In a score system, an (S,P)-consensual candidate is one who is scored at least an S by at least a P-fraction of the electorate. It is easy to show that a candidate is (S,P)-consensual if and only if it is (R,Q)-consensual for all R less than or equal to S and all Q less than or equal to P. The statement that a candidate is (S,P)-consensual is essentially an argument supporting their fitness as the election winner---the strength of the argument increases as S and P increase independently.

Let X be the random variable that is the score assigned to candidate C by a voter chosen uniformly at random. For each candidate, there is an (S,P) production possibilities frontier of points corresponding to the boundary of obtainable (S,P) values such that the candidate is (S,P)-consensual---it is simply the plot of Prob(X>= S) against scores S.

A candidate C is (S,P)-dominated if there is another candidate K whose production possibilities engulfs that of C. A voting system is (S,P)-efficient if (S,P)-dominated candidates are precluded from winning an election.
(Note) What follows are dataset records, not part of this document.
lemma dumont_avoiders_top_adjacent_suffix_eq:
  assumes p: "us @ [2 * n + 3, 2 * n + 4] @ vs \<in> dumont_avoiders (n + 2)" and "us \<noteq> []"
  shows "vs = [2 * n + 2, 2 * n + 1]"
proof -
  note P = p[unfolded mem_dumont_avoiders_iff]
  have "distinct (us @ [2 * n + 3, 2 * n + 4] @ vs)"
    using P by simp
  then have vals: "set vs \<union> set us = {1..2 * (n + 1)}"
    by (intro set_dumont_avoiders_minus_top_pair[OF p]) auto
  then have "set us \<subseteq> {1..2 * (n + 1)}" "set vs \<subseteq> {1..2 * (n + 1)}"
    by blast+
  then have below: "\<forall>x\<in>set us. x < 2 * n + 3" "\<forall>x\<in>set vs. x < 2 * n + 3"
    by auto
  have dom: "\<forall>d\<in>set vs. \<forall>a\<in>set us. a < d"
  proof (intro ballI, rule ccontr)
    fix d a assume da: "d \<in> set vs" "a \<in> set us" "\<not> a < d"
    moreover have "a \<noteq> d"
      using P da by auto
    ultimately have "d < a"
      by simp
    have "subseq ([a] @ [2 * n + 3, 2 * n + 4] @ [d]) (us @ [2 * n + 3, 2 * n + 4] @ vs)"
      using da by (intro list_emb_append_mono) (auto simp: subseq_singleton_left)
    then have "contains (us @ [2 * n + 3, 2 * n + 4] @ vs) [2,3,4,1]"
      unfolding contains_2341_iff using \<open>d < a\<close> below da by fastforce
    then show False
      using P by simp
  qed
  have "sorted_wrt (>) vs"
  proof (rule ccontr)
    assume "\<not> sorted_wrt (>) vs"
    then obtain c d where cd: "subseq [c, d] vs" "c < d"
      using P by (auto elim: not_sorted_wrt_greater_obtain)
    obtain a where "a \<in> set us"
      using \<open>us \<noteq> []\<close> by fastforce
    have "subseq ([a] @ [2 * n + 4] @ [c, d]) (us @ [2 * n + 3, 2 * n + 4] @ vs)"
      using cd \<open>a \<in> set us\<close> by (intro list_emb_append_mono) (auto simp: subseq_singleton_left)
    moreover have "a < c" "d < 2 * n + 3"
      using dom below cd \<open>a \<in> set us\<close> by (auto dest!: set_mono_subseq)
    ultimately have "contains (us @ [2 * n + 3, 2 * n + 4] @ vs) [1,4,2,3]"
      unfolding contains_1423_iff using cd by fastforce
    then show False
      using P by simp
  qed
  moreover have "vs \<noteq> []"
    using dumont_shape_even_descent[of "us @ [2 * n + 3]" "2 * n + 4" vs] P by simp
  moreover have "dumont_shape (vs @ [])"
    using dumont_shape_infix[of "us @ [2 * n + 3, 2 * n + 4]" vs "[]"] P by simp
  ultimately show ?thesis
    using decreasing_block_eq_top_two[of vs us "n + 1" "[]"] dom vals
    by simp
qed
(* Let $\mathcal C$ be a sub-$\sigma$-algebra of $\mathcal F$, let $G(y;\omega)$ be a regular conditional distribution function of $X_1$ given $\mathcal C$ (so $G(\cdot;\omega)$ is a distribution function for each $\omega$ and $G(y;\cdot)=P(X_1\le y\mid\mathcal C)$ a.s.), and let $g(y)=P(\{\omega:G(y;\omega)=1\})$, $y\in\mathbb{R}$. If $g(\xi_p)<p$, then there exist $\delta,\varepsilon\in(0,1)$ such that for all $t\in\mathbb{R}$, $$\sup_{|y-\xi_p|\le\delta}E\big|E\{\exp(\iota tI(X_1\le y))\mid\mathcal C\}\big|\le1-(1-|\Psi_\varepsilon(t)|)\delta,$$ where $\Psi_a(t)=ae^{\iota t}+1-a$ for $a\in(0,1)$.
   Context: $X_1$ is a real random variable on $(\Omega,\mathcal F,P)$ with distribution function $F$; $p\in(0,1)$, $\xi_p=F^{-1}(p)=\inf\{x:F(x)\ge p\}$, and $F$ is continuous at $\xi_p$ (so $F(\xi_p)=p$). $\iota=\sqrt{-1}$, and $I(\cdot)$ denotes the indicator function. *)

theory Defs
  imports "HOL-Probability.Probability"
begin

definition complex_cond_exp :: "'a measure \<Rightarrow> 'a measure \<Rightarrow> ('a \<Rightarrow> complex) \<Rightarrow> 'a \<Rightarrow> complex" where
  "complex_cond_exp M F f = (\<lambda>\<omega>. Complex (real_cond_exp M F (\<lambda>x. Re (f x)) \<omega>)
                                              (real_cond_exp M F (\<lambda>x. Im (f x)) \<omega>))"

definition Psi :: "real \<Rightarrow> real \<Rightarrow> complex" where
  "Psi a t = complex_of_real a * exp (\<i> * complex_of_real t) + 1 - complex_of_real a"

end

theory Submission
  imports Defs
begin

(* Write V_y = G(y; .) for the conditional distribution function of X_1 at y.  Because
   exp(i t I) = 1 + (e^{it} - 1) I for an indicator I, the conditional characteristic function
   of I(X_1 <= y) given C is Psi_{V_y}(t) almost surely, and |Psi_a(t)| <= |Psi_eps(t)| <= 1
   whenever eps <= a <= 1 - eps.  So E|E{exp(i t I(X_1 <= y)) | C}| <= 1 - (1 - |Psi_eps(t)|) delta
   as soon as P(eps <= V_y <= 1 - eps) >= delta, and it suffices to find delta, eps for which
   this holds uniformly in |y - xi_p| <= delta.
   Since E V_xi = F(xi_p) >= p > P(V_xi = 1), the variable V_xi puts mass into a band [a, 1 - a].
   By continuity of F at xi_p, V_{xi+delta} - V_{xi-delta} has small mean, so by a Markov
   argument the band [a/2, 1 - a/2] still contains both V_{xi-delta} and V_{xi+delta}, hence
   every V_y with |y - xi_p| <= delta, with probability at least delta. *)

(* At the p-quantile a distribution function has reached level p; this only uses
   right-continuity of the cdf. *)
lemma cdf_at_quantile:
  assumes "real_distribution D" and "0 < p" and "p < 1"
  shows "p \<le> cdf D (Inf {x. cdf D x \<ge> p})"
proof -
  interpret D: real_distribution D by fact
  define \<xi> where "\<xi> = Inf {x. cdf D x \<ge> p}"
  obtain x0 where "cdf D x0 > p"
    using eventually_happens'[OF _ order_tendstoD(1)[OF D.cdf_lim_at_top_prob]] assms(3) by force
  then have nonempty: "{x. cdf D x \<ge> p} \<noteq> {}" by (auto intro!: exI[of _ x0])
  have "\<forall>\<^sub>F x in at_right \<xi>. p \<le> cdf D x"
    using eventually_at_right_less
  proof (rule eventually_mono)
    fix x assume "\<xi> < x"
    then obtain s where "p \<le> cdf D s" "s < x"
      using cInf_lessD[OF nonempty] unfolding \<xi>_def by blast
    then show "p \<le> cdf D x" using D.cdf_nondecreasing[of s x] by linarith
  qed
  moreover have "(cdf D \<longlongrightarrow> cdf D \<xi>) (at_right \<xi>)"
    using D.cdf_is_right_cont by (simp add: continuous_within)
  ultimately show ?thesis
    unfolding \<xi>_def[symmetric] by (intro tendsto_lowerbound) auto
qed

lemma cdf_distr:
  assumes "X \<in> borel_measurable M"
  shows "cdf (distr M borel X) y = measure M {\<omega>\<in>space M. X \<omega> \<le> y}"
  unfolding cdf_def using assms
  by (subst measure_distr) (auto intro!: arg_cong[where f="measure M"])

lemma distribution_function_bounds:
  fixes f :: "real \<Rightarrow> real"
  assumes "mono f" and "(f \<longlongrightarrow> 0) at_bot" and "(f \<longlongrightarrow> 1) at_top"
  shows "0 \<le> f y" and "f y \<le> 1"
proof -
  show "0 \<le> f y"
    by (rule tendsto_le[OF trivial_limit_at_bot_linorder tendsto_const assms(2)])
       (auto simp: eventually_at_bot_linorder intro!: exI[of _ y] monoD[OF assms(1)])
  show "f y \<le> 1"
    by (rule tendsto_le[OF trivial_limit_at_top_linorder assms(3) tendsto_const])
       (auto simp: eventually_at_top_linorder intro!: exI[of _ y] monoD[OF assms(1)])
qed

lemma isCont_small_window_increment:
  fixes F :: "real \<Rightarrow> real"
  assumes "isCont F \<xi>" and "0 < r" and "0 < b"
  obtains \<delta> where "0 < \<delta>" and "\<delta> \<le> b" and "F (\<xi> + \<delta>) - F (\<xi> - \<delta>) < r"
proof -
  have "\<forall>e>0. \<exists>d>0. \<forall>x. \<bar>x - \<xi>\<bar> < d \<longrightarrow> \<bar>F x - F \<xi>\<bar> < e"
    using assms(1) unfolding continuous_at_eps_delta dist_real_def .
  then obtain d where "0 < d" and d: "\<forall>x. \<bar>x - \<xi>\<bar> < d \<longrightarrow> \<bar>F x - F \<xi>\<bar> < r / 2"
    using half_gt_zero[OF \<open>0 < r\<close>] by blast
  define \<delta> where "\<delta> = min (d / 2) b"
  have "0 < \<delta>" "\<delta> \<le> b" "\<delta> < d" using \<open>0 < d\<close> \<open>0 < b\<close> by (auto simp: \<delta>_def)
  moreover have "\<bar>F (\<xi> + \<delta>) - F \<xi>\<bar> < r / 2" "\<bar>F (\<xi> - \<delta>) - F \<xi>\<bar> < r / 2"
    using d \<open>0 < \<delta>\<close> \<open>\<delta> < d\<close> by auto
  ultimately have "F (\<xi> + \<delta>) - F (\<xi> - \<delta>) < r" by arith
  with \<open>0 < \<delta>\<close> \<open>\<delta> \<le> b\<close> show ?thesis by (rule that)
qed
I think it is almost self-evident that any reasonable score-based system definitely needs to be (S,P)-efficient.

For an example of an (S,P)-efficient election strategy, consider the voting system that chooses a candidate with a maximal area bounded in (S,P)-space by their production-possibilities frontier. This precludes (S,P)-dominated candidates from winning the election. More generally, any measure over (S,P) space will allow us to assign a score to each candidate consisting of the measure contained within their production-possibilities frontier, and this is also (S,P)-efficient.

Another method that is independent of both the measure and the scores is given by first eliminating all (S,P)-dominated candidates, and then using a determined method of generating a "random" production-possibilities frontier in (S,P)-space and calculating the probability that a candidate's frontier will be engulfed by a randomly produced curve. The candidate with the lowest probability of being engulfed seems like a very reasonable choice, although the algorithm to produce the random frontier will vary what exactly this means in practice.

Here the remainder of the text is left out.